Do you have some sort of criterion for deciding whether or not a given file is a "text file"?
A general solution that I've used is to scan each file for all occurrences of "\x0a" and "\x0d" (LF and CR), and report their statistics in a useful way. I happen to have written a script some years ago to do just this, so I'll post it here:
#!/usr/bin/perl
use strict;
use warnings;
die "Usage: $0 filename [filename ...]\n"
unless @ARGV and -f $ARGV[0];
for my $file ( @ARGV ) {
my ( $cr, $lf, $crlf ) = ( 0 ) x 3;
unless ( open I, $file ) {
warn "can't open $file: $!\n";
next;
}
binmode I; ## (added as an update)
$_ = " ";
while ( read I, $_, 65536, 1 ) {
$lf += tr/\x0a/\x0a/;
$cr += tr/\x0d/\x0d/;
$crlf += s/\x0d\x0a/xx/g ;
$_ = chop;
$cr-- if ( $_ eq "\x0d" ); # a final CR or LF will get counte
+d
$lf-- if ( $_ eq "\x0a" ); # again on the next iteration
}
$cr++ if ( $_ eq "\x0d" );
$lf++ if ( $_ eq "\x0a" );
print "$file: $cr CR, $lf LF, $crlf CRLF\n";
}
=head1 NAME
chk-crlf
=head1 SYNOPSIS
chk-crlf filename [filename ...]
=head1 DESCRIPTION
This program will read through one or more files named on the command
line, and for each one, it prints to STDOUT a one-line report showing
the total quantities of carriage-return (CR) and line-feed (LF) bytes,
along with the number of byte pairs that are CRLF sequences, like
this:
unix-file1.txt: 0 CR, 80 LF, 0 CRLF
dos-file1.txt: 80 CR, 80 LF, 80 CRLF
binary-file.gz: 31 CR, 28 LF, 2 CRLF
This is handy for confirming any expectations you may have about the
nature of the file's content regarding line-termination characters.
=head2 Valid outcomes
If the three quantities are all equal, you have a valid MS-DOS "text
mode" (or internet format) file: every CR and LF in the data is part
of a CRLF pair. If the number of CR bytes (and CRLF pairs) is zero,
you have a valid "unix style" text file.
If there are slightly different quantities of CR and LF, and very few
CRLF pairs, you are probably looking at non-text data (e.g. audio,
image, or some form of compressed data). This in itself is not a
problem, if the file is supposed to have non-text content.

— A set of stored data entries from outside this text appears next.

lemma l1_mult_nonneg_mult_alpha_one:
  assumes a: "a \<in> l1 \<alpha>" and b: "b \<in> l1 \<alpha>" and g: "0 \<le> g"
  shows "l1_mult \<alpha> L a b g * \<alpha> g 1 = l1_mult \<alpha> L a b g"
proof -
  have "f s * \<alpha> g 1 = f s" if "(f, S) \<in> set (prod_terms \<alpha> L a b g)" "s \<in> S" for f S s
  proof -
    obtain x y where s: "s = (x, y)"
      by fastforce
    from that g consider
        "f = (\<lambda>(x, y). a x * \<alpha> (x - y) (b (- y)))" "g = x - y"
      | "f = (\<lambda>(x, y). L x (a (- x) * b y))" "0 < x" "0 < y" "g = y - x"
      | "f = (\<lambda>(x, y). a x * \<alpha> x (b y))" "0 \<le> x" "0 \<le> y" "g = x + y"
      unfolding s by (auto simp: prod_terms_def)
    then show ?thesis
    proof cases
      case 1
      then show ?thesis
        using alpha_mult[OF g, of "b (- y)" 1] by (simp add: s mult.assoc)
    next
      case 2
      then have "0 \<le> x" and "0 \<le> y - x"
        using g by simp_all
      with 2 show ?thesis
        using L_mult_l1_alpha_one[OF b, of x y "a (- x)"] by (simp add: s)
    next
      case 3
      then show ?thesis
        using alpha_l1_mult_alpha_one[OF b, of x y] by (simp add: s mult.assoc)
    qed
  qed
  then show ?thesis
    unfolding l1_mult_def using l1_mult_nonneg_summable_le(1)[OF a b g]
    by (intro sum_list_infsum_mult_right_invariant) blast
qed
(* Let $\mu>0$ and $b>0$. Let $Z_1,Z_2,\dots$ be independent Normal random variables with mean $\mu$ and variance $1$, let $S_m=\sum_{i=1}^m Z_i$, and let $\tau=\min\{m: S_m<-b \text{ or } S_m>b\}$. Let $\Phi$ be the standard Normal distribution function and $R(a)=\frac{\Phi(a)}{1-\Phi(a)}$. Then $$R(-\mu)\,e^{-2\mu b}<\mathbb{E}[e^{-2\mu S_\tau}\mid S_\tau>b]<e^{-2\mu b},$$ $$e^{2\mu b}<\mathbb{E}[e^{-2\mu S_\tau}\mid S_\tau<-b]<e^{2\mu b}R(\mu).$$ *)

theory Defs
  imports "HOL-Probability.Probability"
begin

definition Phi :: "real \<Rightarrow> real" where
  "Phi a = cdf (density lborel std_normal_density) a"

definition Rratio :: "real \<Rightarrow> real" where
  "Rratio a = Phi a / (1 - Phi a)"

definition psum :: "(nat \<Rightarrow> 'a \<Rightarrow> real) \<Rightarrow> nat \<Rightarrow> 'a \<Rightarrow> real" where
  "psum Z m \<omega> = (\<Sum>i\<in>{1..m}. Z i \<omega>)"

text \<open>Exit time tau = min{m >= 1 : S_m < -b or S_m > b} (meaningful when the set is nonempty).\<close>
definition exit_time :: "(nat \<Rightarrow> 'a \<Rightarrow> real) \<Rightarrow> real \<Rightarrow> 'a \<Rightarrow> nat" where
  "exit_time Z b \<omega> = (LEAST m. 1 \<le> m \<and> (psum Z m \<omega> < - b \<or> psum Z m \<omega> > b))"

definition exits :: "(nat \<Rightarrow> 'a \<Rightarrow> real) \<Rightarrow> real \<Rightarrow> 'a \<Rightarrow> bool" where
  "exits Z b \<omega> \<longleftrightarrow> (\<exists>m\<ge>1. psum Z m \<omega> < - b \<or> psum Z m \<omega> > b)"

definition stopped_sum :: "(nat \<Rightarrow> 'a \<Rightarrow> real) \<Rightarrow> real \<Rightarrow> 'a \<Rightarrow> real" where
  "stopped_sum Z b \<omega> = psum Z (exit_time Z b \<omega>) \<omega>"

definition cond_exp_event :: "'a measure \<Rightarrow> ('a \<Rightarrow> real) \<Rightarrow> 'a set \<Rightarrow> real" where
  "cond_exp_event M X A = (\<integral>\<omega>. indicator A \<omega> * X \<omega> \<partial>M) / measure M A"

end

theory Submission
  imports Defs
begin

(*
  Split the event S_tau > b according to the value n of tau.  Once Z_1, ..., Z_(n-1) are fixed,
  keeping the walk inside [-b, b] and bringing it to s, the n-th term compares, for the last step
  Y ~ N(mu, 1), the mean of e^(-2 mu (s + Y)) on {s + Y > b} with P(s + Y > b).  Their ratio is
  e^(-2 mu b) E[e^(-2 mu (Y - c)) | Y > c] with c = b - s >= 0.  This conditional expectation is
  below 1 because the overshoot Y - c is positive, and it increases with c by Chebyshev's integral
  inequality (shifting by c multiplies the density of the overshoot by a decreasing exponential),
  so it is at least its value R(-mu) at c = 0.  For n = 1 we have s = 0 < b and both comparisons
  are strict; summing over n gives the bounds for the upper exit.  The lower exit of S is the upper
  exit of the reflected walk -S, whose drift -mu < 0 reverses all the inequalities.
*)

section \<open>Random walks leaving a band\<close>

definition seq_sum :: "(nat \<Rightarrow> real) \<Rightarrow> nat \<Rightarrow> real" where
  "seq_sum x k = (\<Sum>i\<in>{1..k}. x i)"

definition within_band :: "real \<Rightarrow> (nat \<Rightarrow> real) \<Rightarrow> nat \<Rightarrow> bool" where
  "within_band b x k \<longleftrightarrow> (\<forall>j\<in>{1..k}. \<bar>seq_sum x j\<bar> \<le> b)"

definition exits_above_at :: "real \<Rightarrow> (nat \<Rightarrow> real) \<Rightarrow> nat \<Rightarrow> bool" where
  "exits_above_at b x n \<longleftrightarrow> 1 \<le> n \<and> within_band b x (n - 1) \<and> b < seq_sum x n"

definition exit_above_gain :: "real \<Rightarrow> (real \<Rightarrow> real) \<Rightarrow> nat \<Rightarrow> (nat \<Rightarrow> real) \<Rightarrow> ennreal" where
  "exit_above_gain b g n x = (if exits_above_at b x n then ennreal (g (seq_sum x n)) else 0)"

lemma psum_eq_seq_sum: "psum Z k \<omega> = seq_sum (\<lambda>i. Z i \<omega>) k"
  unfolding psum_def seq_sum_def ..

lemma exit_time_eq_if_exits_above_at:
  assumes n: "exits_above_at b (\<lambda>i. Z i \<omega>) n"
  shows "exits Z b \<omega> \<and> exit_time Z b \<omega> = n \<and> b < stopped_sum Z b \<omega>"
proof -
  define P where "P m \<longleftrightarrow> 1 \<le> m \<and> (psum Z m \<omega> < - b \<or> psum Z m \<omega> > b)" for m
  have "P n"
    using n by (auto simp: P_def exits_above_at_def psum_eq_seq_sum)
  moreover have "n \<le> m" if "P m" for m
  proof (rule ccontr)
    assume "\<not> n \<le> m"
    with that have "m \<in> {1..n - 1}"
      by (simp add: P_def)
    with n have "\<bar>psum Z m \<omega>\<bar> \<le> b"
      by (simp add: exits_above_at_def within_band_def psum_eq_seq_sum)
    with that show False
      by (auto simp: P_def)
  qed
  ultimately have "exit_time Z b \<omega> = n"
    unfolding exit_time_def P_def[symmetric] by (rule Least_equality)
  with \<open>P n\<close> n show ?thesis
    by (auto simp: exits_def P_def exits_above_at_def stopped_sum_def psum_eq_seq_sum)
qed

lemma exits_above_at_exit_time:
  assumes "exits Z b \<omega>" and "b < stopped_sum Z b \<omega>"
  shows "exits_above_at b (\<lambda>i. Z i \<omega>) (exit_time Z b \<omega>)"
proof -
  define P where "P m \<longleftrightarrow> 1 \<le> m \<and> (psum Z m \<omega> < - b \<or> psum Z m \<omega> > b)" for m
  have exit_time: "exit_time Z b \<omega> = (LEAST m. P m)"
    by (simp add: P_def exit_time_def)
  have "\<exists>m. P m"
    using assms(1) by (auto simp: exits_def P_def)
  then have "P (exit_time Z b \<omega>)"
    unfolding exit_time by (rule LeastI_ex)
  have before_exit: "\<not> P j" if "j < exit_time Z b \<omega>" for j
    using not_less_Least[of j P] that by (simp add: exit_time)
  have "within_band b (\<lambda>i. Z i \<omega>) (exit_time Z b \<omega> - 1)"
    unfolding within_band_def
  proof
    fix j assume j: "j \<in> {1..exit_time Z b \<omega> - 1}"
    then have "\<not> P j"
      by (intro before_exit) auto
    with j show "\<bar>seq_sum (\<lambda>i. Z i \<omega>) j\<bar> \<le> b"
      by (auto simp: P_def psum_eq_seq_sum)
  qed
  with \<open>P (exit_time Z b \<omega>)\<close> show ?thesis
    using assms(2) by (simp add: exits_above_at_def P_def stopped_sum_def psum_eq_seq_sum)
qed

lemma exits_above_at_iff:
  "exits_above_at b (\<lambda>i. Z i \<omega>) n \<longleftrightarrow>
    exits Z b \<omega> \<and> exit_time Z b \<omega> = n \<and> b < stopped_sum Z b \<omega>"
  using exit_time_eq_if_exits_above_at exits_above_at_exit_time by metis

lemma suminf_exit_above_gain:
  "(\<Sum>n. exit_above_gain b g n (\<lambda>i. Z i \<omega>)) =
    (if exits Z b \<omega> \<and> b < stopped_sum Z b \<omega> then ennreal (g (stopped_sum Z b \<omega>)) else 0)"
proof -
  have "exit_above_gain b g n (\<lambda>i. Z i \<omega>) =
      (if n = exit_time Z b \<omega> then
        (if exits Z b \<omega> \<and> b < stopped_sum Z b \<omega> then ennreal (g (stopped_sum Z b \<omega>)) else 0)
       else 0)" for n
    by (auto simp: exit_above_gain_def exits_above_at_iff stopped_sum_def psum_eq_seq_sum)
  then show ?thesis
    by (subst suminf_finite[of "{exit_time Z b \<omega>}"]) auto
qed

lemma abs_seq_sum_le_if_within_band:
  assumes "0 \<le> b" and "within_band b x k"
  shows "\<bar>seq_sum x k\<bar> \<le> b"
  using assms by (cases "k = 0") (auto simp: within_band_def seq_sum_def)

lemma psum_uminus: "psum (\<lambda>i \<omega>. - Z i \<omega>) m \<omega> = - psum Z m \<omega>"
  by (simp add: psum_def sum_negf)

lemma exits_uminus: "exits (\<lambda>i \<omega>. - Z i \<omega>) b \<omega> = exits Z b \<omega>"
  unfolding exits_def psum_uminus by auto

lemma stopped_sum_uminus: "stopped_sum (\<lambda>i \<omega>. - Z i \<omega>) b \<omega> = - stopped_sum Z b \<omega>"
proof -
  have "exit_time (\<lambda>i \<omega>. - Z i \<omega>) b \<omega> = exit_time Z b \<omega>"
    unfolding exit_time_def psum_uminus by (metis minus_less_iff neg_less_iff_less)
  then show ?thesis
    by (simp add: stopped_sum_def psum_uminus)
qed

lemma seq_sum_restrict: "k \<le> n \<Longrightarrow> seq_sum (restrict x {1..n}) k = seq_sum x k"
  unfolding seq_sum_def by (intro sum.cong) auto

lemma exits_above_at_restrict:
  "exits_above_at b (restrict x {1..n}) n = exits_above_at b x n"
proof -
  have "seq_sum (restrict x {1..n}) j = seq_sum x j" if "j \<in> {1..n - 1}" for j
    using that by (intro seq_sum_restrict) auto
  then have "within_band b (restrict x {1..n}) (n - 1) = within_band b x (n - 1)"
    by (simp add: within_band_def)
  then show ?thesis
    using seq_sum_restrict[of n n x] by (simp add: exits_above_at_def)
qed

lemma exit_above_gain_restrict:
  "exit_above_gain b g n (restrict x {1..n}) = exit_above_gain b g n x"
  using seq_sum_restrict[of n n x] exits_above_at_restrict[of b x n]
  by (simp add: exit_above_gain_def)

lemma seq_sum_fun_upd: "1 \<le> n \<Longrightarrow> seq_sum (x(n := y)) n = seq_sum x (n - 1) + y"
  and seq_sum_fun_upd_less: "k < n \<Longrightarrow> seq_sum (x(n := y)) k = seq_sum x k"
proof -
  show "k < n \<Longrightarrow> seq_sum (x(n := y)) k = seq_sum x k"
    unfolding seq_sum_def by (intro sum.cong) auto
  assume "1 \<le> n"
  then have "{1..n} = insert n {1..n - 1}"
    by auto
  then have "seq_sum (x(n := y)) n = y + seq_sum (x(n := y)) (n - 1)"
    unfolding seq_sum_def by (simp only:) (subst sum.insert; auto)
  also have "seq_sum (x(n := y)) (n - 1) = seq_sum x (n - 1)"
    unfolding seq_sum_def by (intro sum.cong) auto
  finally show "seq_sum (x(n := y)) n = seq_sum x (n - 1) + y"
    by linarith
qed
(* Let $F$ be a field of characteristic zero. Fix integers $d,\tau\ge0$ and let $\{\beta_i\}_{i\ge\tau}\subseteq F$ satisfy $$\beta_s\beta_t=(\beta_s+\beta_t)\beta_{s+t+d}\quad\text{for all } s,t\ge\tau.$$ Then either $\beta_i=0$ for all $i\ge\tau$, or there exist integers $k$ and $\Delta$ with $\beta_k\ne0$, $0\le k-\tau<\Delta\le k+d$ and $\Delta\mid k+d$, such that for all $t\ge\tau$ $$\beta_t=\begin{cases}\dfrac{(k+d)\beta_k}{k+d+\Delta s}, & t=k+\Delta s,\ s\ge0,\\ 0,&\text{otherwise}.\end{cases}$$ In particular, if $d=\tau=0$, then $\beta_i=0$ for all $i\ge0$. *)

theory Defs
  imports Main
begin

end

theory Submission
  imports Defs
begin

text \<open>Let \<open>S = {j \<ge> \<tau>. \<beta> j \<noteq> 0}\<close>. On \<open>S\<close> the recurrence reads
  \<open>1/\<beta>(s+t+d) = 1/\<beta> s + 1/\<beta> t\<close>, so \<open>j \<mapsto> 1/\<beta> j\<close> is additive in the shifted index \<open>j + d\<close>.
  The recurrence also shows that, for \<open>i \<in> S\<close> and \<open>j \<ge> \<tau>\<close>, \<open>j \<in> S\<close> iff \<open>j + i + d \<in> S\<close>; comparing
  the shifts by the two smallest elements \<open>k < k'\<close> of \<open>S\<close> makes \<open>S\<close> periodic with period
  \<open>\<Delta> = k' - k\<close>, hence \<open>S = k + \<Delta>\<nat>\<close>, and \<open>k + k + d \<in> S\<close> gives \<open>\<Delta> dvd k + d\<close>.
  Finally, adding \<open>i\<close> to itself \<open>j + d\<close> times and \<open>j\<close> to itself \<open>i + d\<close> times reaches the same index,
  so \<open>(j + d) \<beta> j = (i + d) \<beta> i\<close> on \<open>S\<close>.\<close>

lemma progression_if_periodic:
  fixes S :: "nat set"
  assumes "S \<subseteq> {\<tau>..}" and "0 < \<Delta>"
    and periodic: "\<And>j. \<tau> \<le> j \<Longrightarrow> j \<in> S \<longleftrightarrow> j + \<Delta> \<in> S"
    and "k \<in> S" and gap: "\<And>j. j \<in> S \<Longrightarrow> j < k + \<Delta> \<Longrightarrow> j = k"
  shows "S = range (\<lambda>s. k + \<Delta> * s)"
proof (intro equalityI subsetI)
  fix j assume "j \<in> S"
  then show "j \<in> range (\<lambda>s. k + \<Delta> * s)"
  proof (induction j rule: less_induct)
    case (less j)
    show ?case
    proof (cases "j < k + \<Delta>")
      case True
      then show ?thesis using gap[OF less.prems] by (simp add: image_iff)
    next
      case False
      then have "j - \<Delta> \<in> S"
        using periodic[of "j - \<Delta>"] less.prems \<open>k \<in> S\<close> \<open>S \<subseteq> {\<tau>..}\<close> by auto
      then obtain s where "j - \<Delta> = k + \<Delta> * s" using less.IH[of "j - \<Delta>"] \<open>0 < \<Delta>\<close> False by auto
      then have "j = k + \<Delta> * Suc s" using False by simp
      then show ?thesis by blast
    qed
  qed
next
  fix j assume "j \<in> range (\<lambda>s. k + \<Delta> * s)"
  then obtain s where "j = k + \<Delta> * s" by blast
  moreover have "k + \<Delta> * s \<in> S" for s
  proof (induction s)
    case (Suc s)
    have "\<tau> \<le> k + \<Delta> * s" using \<open>k \<in> S\<close> \<open>S \<subseteq> {\<tau>..}\<close> by auto
    then have "k + \<Delta> * s + \<Delta> \<in> S" using periodic Suc.IH by blast
    then show ?case by (simp add: algebra_simps)
  qed (use \<open>k \<in> S\<close> in simp)
  ultimately show "j \<in> S" by simp
qed

locale reciprocal_recurrence =
  fixes \<beta> :: "nat \<Rightarrow> 'a :: field" and d \<tau> :: nat
  assumes rec: "\<And>s t. \<tau> \<le> s \<Longrightarrow> \<tau> \<le> t \<Longrightarrow> \<beta> s * \<beta> t = (\<beta> s + \<beta> t) * \<beta> (s + t + d)"
begin

definition supp :: "nat set" where
  "supp = {j. \<tau> \<le> j \<and> \<beta> j \<noteq> 0}"

lemma supp_ge: "j \<in> supp \<Longrightarrow> \<tau> \<le> j"
  and supp_nonzero: "j \<in> supp \<Longrightarrow> \<beta> j \<noteq> 0"
  by (simp_all add: supp_def)

lemma supp_shift_iff:
  assumes "i \<in> supp" and "\<tau> \<le> j"
  shows "j + i + d \<in> supp \<longleftrightarrow> j \<in> supp"
  using rec[of i j] rec[of j i] assms by (auto simp: supp_def add_ac)

lemma supp_add_closed: "i \<in> supp \<Longrightarrow> j \<in> supp \<Longrightarrow> i + j + d \<in> supp"
  using supp_shift_iff[of j i] by (simp add: supp_ge add_ac)

lemma supp_index_pos:
  assumes "i \<in> supp"
  shows "0 < i + d"
proof (rule ccontr)
  assume "\<not> 0 < i + d"
  then have "i = 0" "d = 0" by auto
  moreover have "\<tau> \<le> 0" using supp_ge[OF assms] \<open>i = 0\<close> by simp
  ultimately have "\<beta> 0 * \<beta> 0 = (\<beta> 0 + \<beta> 0) * \<beta> 0"
    using rec[of 0 0] by simp
  then have "\<beta> 0 * \<beta> 0 = 0" by (metis add_cancel_left_right distrib_right)
  then show False using assms \<open>i = 0\<close> by (simp add: supp_nonzero)
qed

lemma inverse_add_supp:
  assumes "i \<in> supp" and "j \<in> supp"
  shows "inverse (\<beta> (i + j + d)) = inverse (\<beta> i) + inverse (\<beta> j)"
proof -
  have nz: "\<beta> i \<noteq> 0" "\<beta> j \<noteq> 0" "\<beta> (i + j + d) \<noteq> 0"
    using assms supp_add_closed[OF assms] by (simp_all add: supp_nonzero)
  have eq: "\<beta> i * \<beta> j = (\<beta> i + \<beta> j) * \<beta> (i + j + d)"
    using rec assms by (simp add: supp_ge)
  then have "\<beta> i + \<beta> j \<noteq> 0" using nz by auto
  have "inverse (\<beta> i) + inverse (\<beta> j) = (\<beta> i + \<beta> j) / (\<beta> i * \<beta> j)"
    using nz by (simp add: field_simps)
  also have "\<dots> = inverse (\<beta> (i + j + d))"
    unfolding eq using nonzero_divide_mult_cancel_left[OF \<open>\<beta> i + \<beta> j \<noteq> 0\<close>]
    by (simp add: inverse_eq_divide)
  finally show ?thesis by simp
qed

lemma supp_iterate:
  assumes "i \<in> supp"
  shows "i + n * (i + d) \<in> supp \<and> inverse (\<beta> (i + n * (i + d))) = of_nat (Suc n) * inverse (\<beta> i)"
proof (induction n)
  case (Suc n)
  then have "i + n * (i + d) \<in> supp" by blast
  have "i + Suc n * (i + d) = (i + n * (i + d)) + i + d" by simp
  then show ?case
    using Suc supp_add_closed[OF \<open>i + n * (i + d) \<in> supp\<close> assms]
      inverse_add_supp[OF \<open>i + n * (i + d) \<in> supp\<close> assms]
    by (simp only:) (simp add: algebra_simps)
qed (use assms in simp)

lemma weighted_value_eq:
  assumes "i \<in> supp" and "j \<in> supp"
  shows "of_nat (j + d) * \<beta> j = of_nat (i + d) * \<beta> i"
proof -
  obtain m n where m: "j + d = Suc m" and n: "i + d = Suc n"
    using supp_index_pos assms by (metis gr0_implies_Suc)
  have "i + m * (i + d) = j + n * (j + d)"
    using m n by (simp add: algebra_simps)
  then have "of_nat (Suc m) * inverse (\<beta> i) = of_nat (Suc n) * inverse (\<beta> j)"
    using supp_iterate[OF assms(1), of m] supp_iterate[OF assms(2), of n] by simp
  then show ?thesis
    using assms m n by (simp add: supp_nonzero field_simps del: of_nat_Suc)
qed

lemma supp_value:
  assumes "k \<in> supp" and "j \<in> supp" and "of_nat (j + d) \<noteq> (0 :: 'a)"
  shows "\<beta> j = of_nat (k + d) * \<beta> k / of_nat (j + d)"
  using weighted_value_eq[OF assms(1,2)] assms(3) by (simp add: eq_divide_eq mult.commute)

lemma supp_progression:
  assumes "supp \<noteq> {}"
  obtains k \<Delta> where "k \<in> supp" "k - \<tau> < \<Delta>" "\<Delta> \<le> k + d" "\<Delta> dvd k + d"
    "supp = range (\<lambda>s. k + \<Delta> * s)"
proof -
  define k where "k = (LEAST j. j \<in> supp)"
  have "k \<in> supp" unfolding k_def using assms by (auto intro: LeastI)
  have k_min: "k \<le> j" if "j \<in> supp" for j unfolding k_def using that by (rule Least_le)
  have double: "k + k + d \<in> supp" "k < k + k + d"
    using supp_add_closed[OF \<open>k \<in> supp\<close> \<open>k \<in> supp\<close>] supp_index_pos[OF \<open>k \<in> supp\<close>] by simp_all
  define k' where "k' = (LEAST j. j \<in> supp \<and> k < j)"
  have "k' \<in> supp \<and> k < k'"
    unfolding k'_def by (rule LeastI[where k = "k + k + d"]) (simp add: double)
  then have "k' \<in> supp" "k < k'" by simp_all
  have k'_min: "k' \<le> j" if "j \<in> supp" "k < j" for j
    unfolding k'_def by (rule Least_le) (simp add: that)
  define \<Delta> where "\<Delta> = k' - k"
  have "0 < \<Delta>" and k': "k' = k + \<Delta>" using \<open>k < k'\<close> by (simp_all add: \<Delta>_def)
  have periodic: "j \<in> supp \<longleftrightarrow> j + \<Delta> \<in> supp" if "\<tau> \<le> j" for j
    using supp_shift_iff[OF \<open>k' \<in> supp\<close> that] supp_shift_iff[OF \<open>k \<in> supp\<close>, of "j + \<Delta>"] that
    by (simp add: k' add_ac)
  have gap: "j = k" if "j \<in> supp" "j < k + \<Delta>" for j
    using k_min[OF that(1)] k'_min[OF that(1)] that(2) k' by fastforce
  have progression: "supp = range (\<lambda>s. k + \<Delta> * s)"
    by (rule progression_if_periodic[OF _ \<open>0 < \<Delta>\<close> periodic \<open>k \<in> supp\<close> gap])
       (auto simp: supp_ge)
  have "k - \<tau> < \<Delta>"
  proof (rule ccontr)
    assume "\<not> k - \<tau> < \<Delta>"
    with supp_ge[OF \<open>k \<in> supp\<close>] have "\<tau> \<le> k - \<Delta>" "k - \<Delta> + \<Delta> = k" by auto
    then have "k - \<Delta> \<in> supp" using periodic[of "k - \<Delta>"] \<open>k \<in> supp\<close> by simp
    then show False using k_min[of "k - \<Delta>"] \<open>0 < \<Delta>\<close> \<open>k - \<Delta> + \<Delta> = k\<close> by simp
  qed
  moreover have "\<Delta> \<le> k + d" using k'_min[OF double] k' by simp
  moreover have "\<Delta> dvd k + d" using double(1) progression by auto
  ultimately show ?thesis using that \<open>k \<in> supp\<close> progression by blast
qed

end

theorem lemma2p3:
  fixes \<beta> :: "nat \<Rightarrow> 'a :: field_char_0" and d \<tau> :: nat
  assumes rec: "\<And>s t. s \<ge> \<tau> \<Longrightarrow> t \<ge> \<tau> \<Longrightarrow>
                  \<beta> s * \<beta> t = (\<beta> s + \<beta> t) * \<beta> (s + t + d)"
  shows "((\<forall>i\<ge>\<tau>. \<beta> i = 0) \<or>
          (\<exists>k \<Delta> :: nat. \<beta> k \<noteq> 0 \<and> \<tau> \<le> k \<and> k - \<tau> < \<Delta> \<and> \<Delta> \<le> k + d \<and> \<Delta> dvd (k + d) \<and>
             (\<forall>s. \<beta> (k + \<Delta> * s) = of_nat (k + d) * \<beta> k / of_nat (k + d + \<Delta> * s)) \<and>
             (\<forall>t\<ge>\<tau>. (\<not> (\<exists>s. t = k + \<Delta> * s)) \<longrightarrow> \<beta> t = 0)))
         \<and> (d = 0 \<and> \<tau> = 0 \<longrightarrow> (\<forall>i. \<beta> i = 0))"
proof -
  interpret reciprocal_recurrence \<beta> d \<tau> using rec by unfold_locales
  consider "supp = {}"
    | k \<Delta> where "k \<in> supp" "k - \<tau> < \<Delta>" "\<Delta> \<le> k + d" "\<Delta> dvd k + d"
        "supp = range (\<lambda>s. k + \<Delta> * s)"
    using supp_progression by metis
  then show ?thesis
  proof cases
    case 1
    then show ?thesis by (auto simp: supp_def)
  next
    case (2 k \<Delta>)
    have "\<beta> (k + \<Delta> * s) = of_nat (k + d) * \<beta> k / of_nat (k + d + \<Delta> * s)" for s
    proof -
      have "k + \<Delta> * s \<in> supp" using 2(5) by blast
      moreover have "of_nat (k + \<Delta> * s + d) \<noteq> (0 :: 'a)"
        using supp_index_pos[OF \<open>k \<in> supp\<close>] by (simp only: of_nat_eq_0_iff)
      ultimately have "\<beta> (k + \<Delta> * s) = of_nat (k + d) * \<beta> k / of_nat (k + \<Delta> * s + d)"
        by (rule supp_value[OF \<open>k \<in> supp\<close>])
      then show ?thesis by (simp add: add_ac)
    qed
    moreover have "\<beta> t = 0" if "\<tau> \<le> t" "\<nexists>s. t = k + \<Delta> * s" for t
      using that 2(5) by (auto simp: supp_def)
    moreover have "\<not> (d = 0 \<and> \<tau> = 0)" using 2(2,3) by auto
    ultimately show ?thesis using 2(1-4) supp_nonzero supp_ge by blast
  qed
qed

end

=head2 Not-so-valid outcomes
If there are more LF's than CR's, but all the CR's are involved in
CRLF pairs (CR < LF, CR == CRLF), you probably have a "hybrid" text fi
+le: a
unix system created some of the lines, and incorporated lines from
some MS-DOS-like source without normalizing the line termination.
This might not be a problem, but you may want to make the line
termination consistent to avoid problems for some kinds of processing.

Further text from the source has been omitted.